Absolute positioning usually don't work well if you want to resize your windows. It is meant to be fixed. The widgets will stay at the same position relatively to the top left corner of the window. If the windows becomes smaller, some widgets will be hidden, and if the windows becomes larger, the new space won't be used.
Layouts are meant to be flexible. You can arrange your widgets on vertical or horizontal lines (QHBoxLayout and QVBoxLayout) or on a grid (QGridLayout).
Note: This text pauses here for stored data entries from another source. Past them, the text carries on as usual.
(* Let $G=(V,E)$ be a finite graph, $A\subset V$, $\xi_1,\xi_2\in\{-1,1\}^A$ boundary conditions, $h\in\mathbb R^V$ an arbitrary external field and $T>0$. Then for any two increasing events $\mathtt A,\mathtt B\subset\Theta^{\bar G}$, $$\bar\mu^{\xi_1/\xi_2}_{G,h}(\mathtt A\cap\mathtt B)\ge\bar\mu^{\xi_1/\xi_2}_{G,h}(\mathtt A)\,\bar\mu^{\xi_1/\xi_2}_{G,h}(\mathtt B).$$
   Context: Extended Ising model: for a finite graph $G=(V,E)$ let $\bar G=V\cup E$. An extended configuration $\bar\sigma$ assigns $\bar\sigma_v\in\{-1,1\}$ to each $v\in V$ and $\bar\sigma_e\in\{-1,0,1\}$ to each $e\in E$, subject to $|\bar\sigma_v-\bar\sigma_e|\le1$ whenever $v$ is an endpoint of $e$. For $T>0$ and $h\in\mathbb R^V$, $\bar\mu_{G,h}(\bar\sigma)\propto\prod_{e\in E}\prod_{v\in e}W(\bar\sigma_v,\bar\sigma_e)\cdot\exp\big(\frac1T\sum_{v\in V}h_v\bar\sigma_v\big)$, where $W(a,b)=1$ if $b=a$, $W(a,b)=t$ if $b=0$, $W(a,b)=0$ if $b=-a$, and $t=(e^{2/T}-1)^{-1/2}$. For $A\subset V$ and $\xi\in\{-1,1\}^A$, $\bar\mu^{\xi}_{G,h}$ denotes $\bar\mu_{G,h}$ conditioned on $\bar\sigma_v=\xi_v$ for $v\in A$. The product measure $\bar\mu^{\xi_1/\xi_2}_{G,h}=\bar\mu^{\xi_1}_{G,h}\otimes\bar\mu^{\xi_2}_{G,h}$ is a law on pairs $(\bar\sigma^1,\bar\sigma^2)$, viewed as elements of $\Theta^{\bar G}$ with $\Theta=\{-1,0,1\}^2$ (the value at $u\in\bar G$ is $(\bar\sigma^1_u,\bar\sigma^2_u)$). Partial order on $\Theta$: $(a,b)\succeq(c,d)$ iff $a\ge c$ and $b\le d$; extended coordinatewise to $\Theta^{\bar G}$. An event $\mathtt A\subset\Theta^{\bar G}$ is increasing if $x\in\mathtt A$ and $y\succeq x$ imply $y\in\mathtt A$. *)

theory Defs
  imports Complex_Main
begin

text \<open>Sites of the extended graph: vertices (Inl v) and edges (Inr e).
  A finite simple graph is a finite vertex set V with an edge set E of
  2-element subsets of V.\<close>

type_synonym 'v site = "'v + 'v set"

definition gbar :: "'v set \<Rightarrow> 'v set set \<Rightarrow> 'v site set" where
  "gbar V E = Inl ` V \<union> Inr ` E"

definition ext_configs :: "'v set \<Rightarrow> 'v set set \<Rightarrow> ('v site \<Rightarrow> int) set" where
  "ext_configs V E = {\<sigma>.
     (\<forall>v\<in>V. \<sigma> (Inl v) \<in> {-1, 1}) \<and>
     (\<forall>e\<in>E. \<sigma> (Inr e) \<in> {-1, 0, 1}) \<and>
     (\<forall>e\<in>E. \<forall>v\<in>e. \<bar>\<sigma> (Inl v) - \<sigma> (Inr e)\<bar> \<le> 1) \<and>
     (\<forall>u. u \<notin> gbar V E \<longrightarrow> \<sigma> u = 0)}"

definition ising_t :: "real \<Rightarrow> real" where
  "ising_t T = 1 / sqrt (exp (2 / T) - 1)"

definition Wt :: "real \<Rightarrow> int \<Rightarrow> int \<Rightarrow> real" where
  "Wt t a b = (if b = a then 1 else if b = 0 then t else 0)"

definition ext_weight :: "'v set \<Rightarrow> 'v set set \<Rightarrow> real \<Rightarrow> ('v \<Rightarrow> real) \<Rightarrow> ('v site \<Rightarrow> int) \<Rightarrow> real" where
  "ext_weight V E T h \<sigma> =
     (\<Prod>e\<in>E. \<Prod>v\<in>e. Wt (ising_t T) (\<sigma> (Inl v)) (\<sigma> (Inr e))) *
     exp ((1 / T) * (\<Sum>v\<in>V. h v * of_int (\<sigma> (Inl v))))"

definition bc_configs :: "'v set \<Rightarrow> 'v set set \<Rightarrow> 'v set \<Rightarrow> ('v \<Rightarrow> int) \<Rightarrow> ('v site \<Rightarrow> int) set" where
  "bc_configs V E A \<xi> = {\<sigma> \<in> ext_configs V E. \<forall>v\<in>A. \<sigma> (Inl v) = \<xi> v}"

definition ext_mu :: "'v set \<Rightarrow> 'v set set \<Rightarrow> real \<Rightarrow> ('v \<Rightarrow> real) \<Rightarrow> 'v set \<Rightarrow> ('v \<Rightarrow> int)
    \<Rightarrow> ('v site \<Rightarrow> int) \<Rightarrow> real" where
  "ext_mu V E T h A \<xi> \<sigma> =
     (if \<sigma> \<in> bc_configs V E A \<xi>
      then ext_weight V E T h \<sigma> / (\<Sum>\<tau>\<in>bc_configs V E A \<xi>. ext_weight V E T h \<tau>)
      else 0)"

definition Theta_G :: "'v set \<Rightarrow> 'v set set \<Rightarrow> ('v site \<Rightarrow> int \<times> int) set" where
  "Theta_G V E = {x.
     (\<forall>u\<in>gbar V E. fst (x u) \<in> {-1, 0, 1} \<and> snd (x u) \<in> {-1, 0, 1}) \<and>
     (\<forall>u. u \<notin> gbar V E \<longrightarrow> x u = (0, 0))}"

definition theta_ge :: "int \<times> int \<Rightarrow> int \<times> int \<Rightarrow> bool" where
  "theta_ge p q \<longleftrightarrow> fst p \<ge> fst q \<and> snd p \<le> snd q"

definition increasing_event :: "'v set \<Rightarrow> 'v set set \<Rightarrow> ('v site \<Rightarrow> int \<times> int) set \<Rightarrow> bool" where
  "increasing_event V E Ev \<longleftrightarrow> Ev \<subseteq> Theta_G V E \<and>
     (\<forall>x\<in>Ev. \<forall>y\<in>Theta_G V E. (\<forall>u\<in>gbar V E. theta_ge (y u) (x u)) \<longrightarrow> y \<in> Ev)"

definition pair_config :: "('v site \<Rightarrow> int) \<Rightarrow> ('v site \<Rightarrow> int) \<Rightarrow> ('v site \<Rightarrow> int \<times> int)" where
  "pair_config \<sigma>1 \<sigma>2 = (\<lambda>u. (\<sigma>1 u, \<sigma>2 u))"

definition prod_prob :: "'v set \<Rightarrow> 'v set set \<Rightarrow> real \<Rightarrow> ('v \<Rightarrow> real) \<Rightarrow> 'v set
    \<Rightarrow> ('v \<Rightarrow> int) \<Rightarrow> ('v \<Rightarrow> int) \<Rightarrow> ('v site \<Rightarrow> int \<times> int) set \<Rightarrow> real" where
  "prod_prob V E T h A \<xi>1 \<xi>2 Ev =
     (\<Sum>(\<sigma>1, \<sigma>2) \<in> bc_configs V E A \<xi>1 \<times> bc_configs V E A \<xi>2.
        if pair_config \<sigma>1 \<sigma>2 \<in> Ev
        then ext_mu V E T h A \<xi>1 \<sigma>1 * ext_mu V E T h A \<xi>2 \<sigma>2 else 0)"

end

(*
  Flipping the spins of the second copy, (s1, s2) |-> (s1, -s2), turns the order on Theta into
  the coordinatewise order, increasing events into up-sets, and the product measure mu^{xi1/xi2}_{G,h}
  into the product of mu^{xi1}_{G,h} and mu^{-xi2}_{G,-h}.  Every extended Ising measure satisfies
  the FKG lattice condition with equality, mu(s sup s') mu(s inf s') = mu(s) mu(s'), because
  W(max a a', max b b') W(min a a', min b b') = W(a, b) W(a', b') on admissible pairs and the field
  term is linear, and its support is a sublattice of {-1,0,1}^Gbar.  The Harris-FKG inequality
  therefore follows from the Ahlswede-Daykin four functions theorem, which holds on finite
  sublattices of products of chains by induction from the two-point inequality.
*)
theory Submission
  imports Defs "HOL-Library.Product_Order" "HOL-Library.Function_Algebras"
begin

lemma four_functions_two_point:
  fixes a0 a1 b0 b1 c0 c1 d0 d1 :: real
  assumes nonneg: "0 \<le> a0" "0 \<le> a1" "0 \<le> b0" "0 \<le> b1" "0 \<le> c0" "0 \<le> c1" "0 \<le> d0" "0 \<le> d1"
    and "a0 * b0 \<le> c0 * d0" "a1 * b1 \<le> c1 * d1" "a0 * b1 \<le> c1 * d0" "a1 * b0 \<le> c1 * d0"
  shows "(a0 + a1) * (b0 + b1) \<le> (c0 + c1) * (d0 + d1)"
proof -
  have cross: "a0 * b1 + a1 * b0 \<le> c1 * d0 + c0 * d1"
  proof (cases "c1 * d0 = 0")
    case True
    then have "a0 * b1 = 0" "a1 * b0 = 0"
      using assms by (metis antisym mult_nonneg_nonneg)+
    moreover have "0 \<le> c1 * d0 + c0 * d1" using nonneg by simp
    ultimately show ?thesis by linarith
  next
    case False
    define p where "p = c1 * d0"
    have "p > 0" using False nonneg by (simp add: p_def less_le)
    \<comment> \<open>both cross terms are at most p, so their sum exceeds p by at most their product over p\<close>
    have "0 \<le> (p - a0 * b1) * (p - a1 * b0)"
      using assms by (intro mult_nonneg_nonneg) (auto simp: p_def)
    then have "p * (a0 * b1 + a1 * b0) \<le> p * p + (a0 * b0) * (a1 * b1)"
      by (simp add: algebra_simps)
    also have "(a0 * b0) * (a1 * b1) \<le> (c0 * d0) * (c1 * d1)"
      by (rule mult_mono) (use assms in auto)
    also have "(c0 * d0) * (c1 * d1) = p * (c0 * d1)"
      by (simp add: p_def algebra_simps)
    finally have "p * (a0 * b1 + a1 * b0) \<le> p * (p + c0 * d1)"
      by (simp add: algebra_simps)
    with \<open>p > 0\<close> have "a0 * b1 + a1 * b0 \<le> p + c0 * d1" by simp
    then show ?thesis by (simp add: p_def)
  qed
  show ?thesis using assms cross by (simp add: algebra_simps)
qed

definition four_functions :: "'a::lattice set \<Rightarrow> bool" where
  "four_functions X \<longleftrightarrow> (\<forall>\<alpha> \<beta> \<gamma> \<delta> :: 'a \<Rightarrow> real.
     (\<forall>x. 0 \<le> \<alpha> x \<and> 0 \<le> \<beta> x \<and> 0 \<le> \<gamma> x \<and> 0 \<le> \<delta> x) \<longrightarrow>
     (\<forall>x\<in>X. \<forall>y\<in>X. \<alpha> x * \<beta> y \<le> \<gamma> (sup x y) * \<delta> (inf x y)) \<longrightarrow>
     sum \<alpha> X * sum \<beta> X \<le> sum \<gamma> X * sum \<delta> X)"

lemma four_functionsI:
  assumes "\<And>\<alpha> \<beta> \<gamma> \<delta> :: 'a \<Rightarrow> real.
      (\<And>x. 0 \<le> \<alpha> x) \<Longrightarrow> (\<And>x. 0 \<le> \<beta> x) \<Longrightarrow> (\<And>x. 0 \<le> \<gamma> x) \<Longrightarrow> (\<And>x. 0 \<le> \<delta> x) \<Longrightarrow>
      (\<And>x y. x \<in> X \<Longrightarrow> y \<in> X \<Longrightarrow> \<alpha> x * \<beta> y \<le> \<gamma> (sup x y) * \<delta> (inf x y)) \<Longrightarrow>
      sum \<alpha> X * sum \<beta> X \<le> sum \<gamma> X * sum \<delta> X"
  shows "four_functions (X :: 'a::lattice set)"
  using assms unfolding four_functions_def by blast

lemma four_functionsD:
  fixes \<alpha> \<beta> \<gamma> \<delta> :: "'a::lattice \<Rightarrow> real"
  assumes "four_functions X"
    and "\<And>x. 0 \<le> \<alpha> x" "\<And>x. 0 \<le> \<beta> x" "\<And>x. 0 \<le> \<gamma> x" "\<And>x. 0 \<le> \<delta> x"
    and "\<And>x y. x \<in> X \<Longrightarrow> y \<in> X \<Longrightarrow> \<alpha> x * \<beta> y \<le> \<gamma> (sup x y) * \<delta> (inf x y)"
  shows "sum \<alpha> X * sum \<beta> X \<le> sum \<gamma> X * sum \<delta> X"
  using assms unfolding four_functions_def by blast

lemma four_functions_empty: "four_functions {}"
  by (rule four_functionsI) simp

lemma four_functions_singleton: "four_functions {a}"
  by (rule four_functionsI) simp

lemma four_functions_bool: "four_functions (UNIV :: bool set)"
proof (rule four_functionsI)
  fix \<alpha> \<beta> \<gamma> \<delta> :: "bool \<Rightarrow> real"
  assume "\<And>x. 0 \<le> \<alpha> x" "\<And>x. 0 \<le> \<beta> x" "\<And>x. 0 \<le> \<gamma> x" "\<And>x. 0 \<le> \<delta> x"
    and lattice: "\<And>x y. x \<in> UNIV \<Longrightarrow> y \<in> UNIV \<Longrightarrow> \<alpha> x * \<beta> y \<le> \<gamma> (sup x y) * \<delta> (inf x y)"
  have "(\<alpha> False + \<alpha> True) * (\<beta> False + \<beta> True) \<le> (\<gamma> False + \<gamma> True) * (\<delta> False + \<delta> True)"
    by (rule four_functions_two_point)
      (use lattice[of False False] lattice[of True True] lattice[of False True] lattice[of True False]
         \<open>\<And>x. 0 \<le> \<alpha> x\<close> \<open>\<And>x. 0 \<le> \<beta> x\<close> \<open>\<And>x. 0 \<le> \<gamma> x\<close> \<open>\<And>x. 0 \<le> \<delta> x\<close> in auto)
  then show "sum \<alpha> UNIV * sum \<beta> UNIV \<le> sum \<gamma> UNIV * sum \<delta> UNIV"
    by (simp add: UNIV_bool)
qed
Layouts will filled all the space available: they work on any window size.
I'd suggest you re-start from scratch by following a tutorial (a good one is ZetCode Layout management in PyQt4). Try to start simple and progressively add more elements in your layout. Test at every steps to resize the window to see if it works as intended.